Start of Data for review
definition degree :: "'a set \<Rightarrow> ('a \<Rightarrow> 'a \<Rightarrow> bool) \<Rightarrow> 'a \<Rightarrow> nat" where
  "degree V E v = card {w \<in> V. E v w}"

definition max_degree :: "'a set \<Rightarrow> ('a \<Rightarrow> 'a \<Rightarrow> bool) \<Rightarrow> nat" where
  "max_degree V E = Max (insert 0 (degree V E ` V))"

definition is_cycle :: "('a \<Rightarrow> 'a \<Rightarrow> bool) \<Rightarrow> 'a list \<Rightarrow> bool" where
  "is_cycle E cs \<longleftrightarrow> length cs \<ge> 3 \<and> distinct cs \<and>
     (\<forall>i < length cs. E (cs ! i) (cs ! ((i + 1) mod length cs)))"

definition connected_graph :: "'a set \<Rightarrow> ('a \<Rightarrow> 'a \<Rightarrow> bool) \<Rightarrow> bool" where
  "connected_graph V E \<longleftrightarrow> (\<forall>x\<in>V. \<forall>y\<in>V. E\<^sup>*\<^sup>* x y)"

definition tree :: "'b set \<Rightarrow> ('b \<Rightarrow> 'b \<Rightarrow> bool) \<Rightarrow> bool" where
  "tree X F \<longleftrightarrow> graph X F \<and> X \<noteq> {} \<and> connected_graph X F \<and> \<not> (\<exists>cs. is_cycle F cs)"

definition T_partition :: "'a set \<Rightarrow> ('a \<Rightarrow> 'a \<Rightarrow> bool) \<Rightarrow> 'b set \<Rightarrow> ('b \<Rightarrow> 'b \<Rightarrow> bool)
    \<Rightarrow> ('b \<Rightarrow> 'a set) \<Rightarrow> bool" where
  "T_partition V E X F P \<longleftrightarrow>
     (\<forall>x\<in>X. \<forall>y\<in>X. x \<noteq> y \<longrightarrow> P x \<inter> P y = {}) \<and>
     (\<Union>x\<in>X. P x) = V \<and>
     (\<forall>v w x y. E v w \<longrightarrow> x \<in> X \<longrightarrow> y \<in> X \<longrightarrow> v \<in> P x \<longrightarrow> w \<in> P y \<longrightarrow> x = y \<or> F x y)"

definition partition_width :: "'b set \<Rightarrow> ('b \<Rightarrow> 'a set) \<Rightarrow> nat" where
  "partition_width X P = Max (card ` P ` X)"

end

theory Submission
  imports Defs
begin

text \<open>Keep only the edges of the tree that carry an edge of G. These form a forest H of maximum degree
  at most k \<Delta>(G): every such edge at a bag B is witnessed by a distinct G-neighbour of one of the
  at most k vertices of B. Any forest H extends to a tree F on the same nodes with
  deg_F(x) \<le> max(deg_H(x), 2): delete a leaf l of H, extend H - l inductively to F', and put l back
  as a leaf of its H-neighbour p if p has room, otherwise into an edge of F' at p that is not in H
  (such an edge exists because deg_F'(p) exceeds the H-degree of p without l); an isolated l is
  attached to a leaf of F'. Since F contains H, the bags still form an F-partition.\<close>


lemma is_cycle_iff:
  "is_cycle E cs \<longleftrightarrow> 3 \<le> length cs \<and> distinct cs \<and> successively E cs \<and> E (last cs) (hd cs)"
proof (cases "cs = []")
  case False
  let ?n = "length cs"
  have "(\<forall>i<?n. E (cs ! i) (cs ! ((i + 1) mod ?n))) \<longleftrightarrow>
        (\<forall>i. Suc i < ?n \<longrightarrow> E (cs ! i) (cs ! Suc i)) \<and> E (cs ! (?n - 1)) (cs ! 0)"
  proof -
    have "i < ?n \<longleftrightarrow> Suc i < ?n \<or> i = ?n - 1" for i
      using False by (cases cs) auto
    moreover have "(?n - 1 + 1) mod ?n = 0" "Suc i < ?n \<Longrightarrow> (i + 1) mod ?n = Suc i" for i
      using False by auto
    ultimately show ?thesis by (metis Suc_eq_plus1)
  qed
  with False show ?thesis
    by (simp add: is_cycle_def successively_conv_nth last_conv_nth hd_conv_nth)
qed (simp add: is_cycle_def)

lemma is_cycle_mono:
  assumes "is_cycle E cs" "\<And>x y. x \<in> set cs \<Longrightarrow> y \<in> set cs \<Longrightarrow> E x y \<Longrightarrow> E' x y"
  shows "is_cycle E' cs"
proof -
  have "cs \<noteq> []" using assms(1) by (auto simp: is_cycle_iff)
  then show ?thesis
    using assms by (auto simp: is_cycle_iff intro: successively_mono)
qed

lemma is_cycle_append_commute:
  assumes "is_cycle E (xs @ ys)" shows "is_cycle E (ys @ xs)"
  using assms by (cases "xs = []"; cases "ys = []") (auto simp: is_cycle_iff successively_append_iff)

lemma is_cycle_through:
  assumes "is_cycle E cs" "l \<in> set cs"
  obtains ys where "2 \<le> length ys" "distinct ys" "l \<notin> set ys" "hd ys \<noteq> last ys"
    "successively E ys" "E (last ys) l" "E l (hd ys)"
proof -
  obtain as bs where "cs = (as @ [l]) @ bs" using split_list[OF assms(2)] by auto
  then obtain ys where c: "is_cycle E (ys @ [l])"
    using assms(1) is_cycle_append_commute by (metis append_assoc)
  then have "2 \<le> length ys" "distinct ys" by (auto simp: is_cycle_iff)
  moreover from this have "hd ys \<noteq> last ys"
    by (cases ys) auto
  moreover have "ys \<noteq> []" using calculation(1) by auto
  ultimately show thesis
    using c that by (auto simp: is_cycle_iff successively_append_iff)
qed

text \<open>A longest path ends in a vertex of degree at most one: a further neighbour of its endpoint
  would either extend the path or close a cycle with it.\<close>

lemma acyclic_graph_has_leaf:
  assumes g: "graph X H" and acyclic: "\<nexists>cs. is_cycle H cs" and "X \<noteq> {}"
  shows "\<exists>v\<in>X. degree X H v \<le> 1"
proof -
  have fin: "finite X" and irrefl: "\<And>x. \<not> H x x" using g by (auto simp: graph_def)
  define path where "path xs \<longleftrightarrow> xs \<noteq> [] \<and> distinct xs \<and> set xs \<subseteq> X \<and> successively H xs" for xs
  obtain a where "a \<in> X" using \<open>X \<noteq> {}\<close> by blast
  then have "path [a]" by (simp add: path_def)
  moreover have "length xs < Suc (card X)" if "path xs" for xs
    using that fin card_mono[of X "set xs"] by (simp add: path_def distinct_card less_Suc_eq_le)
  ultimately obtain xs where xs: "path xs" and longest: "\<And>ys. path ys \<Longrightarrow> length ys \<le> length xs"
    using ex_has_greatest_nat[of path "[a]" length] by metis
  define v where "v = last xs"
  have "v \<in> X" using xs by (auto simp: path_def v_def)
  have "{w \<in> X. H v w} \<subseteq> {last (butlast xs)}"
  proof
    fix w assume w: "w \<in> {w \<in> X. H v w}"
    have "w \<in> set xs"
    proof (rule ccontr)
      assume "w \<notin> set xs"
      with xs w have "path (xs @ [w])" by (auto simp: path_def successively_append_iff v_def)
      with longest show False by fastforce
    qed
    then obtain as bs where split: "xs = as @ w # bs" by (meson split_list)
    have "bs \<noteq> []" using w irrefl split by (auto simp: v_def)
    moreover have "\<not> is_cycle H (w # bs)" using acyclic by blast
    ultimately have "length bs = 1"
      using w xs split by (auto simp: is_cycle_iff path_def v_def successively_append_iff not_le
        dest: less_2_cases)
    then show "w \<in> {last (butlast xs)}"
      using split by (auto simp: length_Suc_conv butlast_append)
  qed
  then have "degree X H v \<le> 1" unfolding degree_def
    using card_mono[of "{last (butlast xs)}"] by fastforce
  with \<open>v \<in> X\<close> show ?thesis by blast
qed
End of Data for review
Start of Data for review
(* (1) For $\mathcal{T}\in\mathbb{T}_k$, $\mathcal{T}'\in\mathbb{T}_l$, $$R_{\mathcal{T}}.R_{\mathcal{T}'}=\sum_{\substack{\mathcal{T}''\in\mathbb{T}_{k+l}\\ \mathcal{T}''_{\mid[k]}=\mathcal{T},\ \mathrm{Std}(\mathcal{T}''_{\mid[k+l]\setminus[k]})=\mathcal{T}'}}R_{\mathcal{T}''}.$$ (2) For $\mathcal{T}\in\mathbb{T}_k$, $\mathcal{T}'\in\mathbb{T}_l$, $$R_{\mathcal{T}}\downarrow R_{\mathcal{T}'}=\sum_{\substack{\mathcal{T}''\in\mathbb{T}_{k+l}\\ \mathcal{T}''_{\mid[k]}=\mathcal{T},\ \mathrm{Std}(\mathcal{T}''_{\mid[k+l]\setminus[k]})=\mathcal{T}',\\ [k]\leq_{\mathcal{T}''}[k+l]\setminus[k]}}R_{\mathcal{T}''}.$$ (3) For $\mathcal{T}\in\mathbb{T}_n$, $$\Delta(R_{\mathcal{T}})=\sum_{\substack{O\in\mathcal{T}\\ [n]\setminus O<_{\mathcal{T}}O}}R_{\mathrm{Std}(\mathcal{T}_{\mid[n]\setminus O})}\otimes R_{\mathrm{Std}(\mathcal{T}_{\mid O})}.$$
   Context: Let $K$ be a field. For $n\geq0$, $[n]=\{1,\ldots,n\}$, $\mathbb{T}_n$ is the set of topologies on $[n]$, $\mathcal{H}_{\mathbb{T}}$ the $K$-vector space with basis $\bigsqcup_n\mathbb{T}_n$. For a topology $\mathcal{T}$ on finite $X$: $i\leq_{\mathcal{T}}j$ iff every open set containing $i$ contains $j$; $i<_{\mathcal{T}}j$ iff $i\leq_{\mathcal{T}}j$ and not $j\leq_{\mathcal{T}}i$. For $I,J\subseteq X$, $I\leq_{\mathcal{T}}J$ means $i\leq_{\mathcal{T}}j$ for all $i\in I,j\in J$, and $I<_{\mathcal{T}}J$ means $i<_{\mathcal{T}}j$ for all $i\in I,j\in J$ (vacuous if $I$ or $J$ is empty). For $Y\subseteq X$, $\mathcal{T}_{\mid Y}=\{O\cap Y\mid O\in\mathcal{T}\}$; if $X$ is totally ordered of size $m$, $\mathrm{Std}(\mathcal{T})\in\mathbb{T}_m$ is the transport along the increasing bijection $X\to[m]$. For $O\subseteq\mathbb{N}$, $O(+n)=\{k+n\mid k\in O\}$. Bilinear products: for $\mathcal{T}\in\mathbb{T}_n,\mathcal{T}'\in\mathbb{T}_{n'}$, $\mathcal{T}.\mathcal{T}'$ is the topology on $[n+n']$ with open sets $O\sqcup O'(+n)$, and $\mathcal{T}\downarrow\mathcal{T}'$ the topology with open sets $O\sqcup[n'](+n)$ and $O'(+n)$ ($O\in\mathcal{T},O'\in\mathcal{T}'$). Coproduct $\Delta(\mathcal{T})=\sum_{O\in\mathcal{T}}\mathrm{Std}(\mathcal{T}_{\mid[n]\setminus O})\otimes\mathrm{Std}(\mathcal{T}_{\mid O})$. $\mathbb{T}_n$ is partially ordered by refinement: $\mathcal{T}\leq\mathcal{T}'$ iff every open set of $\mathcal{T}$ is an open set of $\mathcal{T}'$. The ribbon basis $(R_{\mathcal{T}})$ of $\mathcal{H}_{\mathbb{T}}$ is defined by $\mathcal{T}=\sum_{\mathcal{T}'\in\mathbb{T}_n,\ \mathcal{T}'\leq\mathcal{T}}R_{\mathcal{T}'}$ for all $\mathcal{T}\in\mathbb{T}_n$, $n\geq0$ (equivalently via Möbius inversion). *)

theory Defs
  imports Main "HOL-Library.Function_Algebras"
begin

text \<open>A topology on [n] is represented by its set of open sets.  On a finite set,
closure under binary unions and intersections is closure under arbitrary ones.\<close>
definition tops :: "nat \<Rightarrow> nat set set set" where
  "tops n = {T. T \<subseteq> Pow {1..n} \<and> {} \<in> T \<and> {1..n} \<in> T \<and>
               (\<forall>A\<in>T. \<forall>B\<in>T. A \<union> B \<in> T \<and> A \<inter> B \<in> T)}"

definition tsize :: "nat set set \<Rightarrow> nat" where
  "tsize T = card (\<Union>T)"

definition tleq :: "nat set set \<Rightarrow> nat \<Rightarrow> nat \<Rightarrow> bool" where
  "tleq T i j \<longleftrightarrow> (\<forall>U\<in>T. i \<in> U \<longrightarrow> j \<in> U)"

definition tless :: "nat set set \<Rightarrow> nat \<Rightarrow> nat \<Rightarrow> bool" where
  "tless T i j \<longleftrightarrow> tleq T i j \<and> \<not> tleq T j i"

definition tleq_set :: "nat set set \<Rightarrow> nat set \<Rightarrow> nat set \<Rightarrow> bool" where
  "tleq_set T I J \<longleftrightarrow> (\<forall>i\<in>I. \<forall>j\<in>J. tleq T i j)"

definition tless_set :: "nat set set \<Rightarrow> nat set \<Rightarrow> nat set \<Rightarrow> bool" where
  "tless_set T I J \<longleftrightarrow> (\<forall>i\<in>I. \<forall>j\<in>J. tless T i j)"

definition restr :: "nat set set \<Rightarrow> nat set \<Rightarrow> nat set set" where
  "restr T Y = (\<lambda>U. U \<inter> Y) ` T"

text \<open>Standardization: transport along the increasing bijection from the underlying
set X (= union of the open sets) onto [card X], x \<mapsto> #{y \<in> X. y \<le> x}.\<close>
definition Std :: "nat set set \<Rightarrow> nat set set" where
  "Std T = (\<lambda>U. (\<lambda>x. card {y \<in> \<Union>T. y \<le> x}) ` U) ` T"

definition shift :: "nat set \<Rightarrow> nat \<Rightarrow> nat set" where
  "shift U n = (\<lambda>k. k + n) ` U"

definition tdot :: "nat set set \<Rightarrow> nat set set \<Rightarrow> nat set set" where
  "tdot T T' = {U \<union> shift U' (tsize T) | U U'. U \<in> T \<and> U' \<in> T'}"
End of Data for review
Reproduce, exactly as they stand in the data above, the lines from the one that holds "V E v = card" to the one that holds "Max (insert 0", inclusive.

The completed task —
  "degree V E v = card {w \<in> V. E v w}"

definition max_degree :: "'a set \<Rightarrow> ('a \<Rightarrow> 'a \<Rightarrow> bool) \<Rightarrow> nat" where
  "max_degree V E = Max (insert 0 (degree V E ` V))"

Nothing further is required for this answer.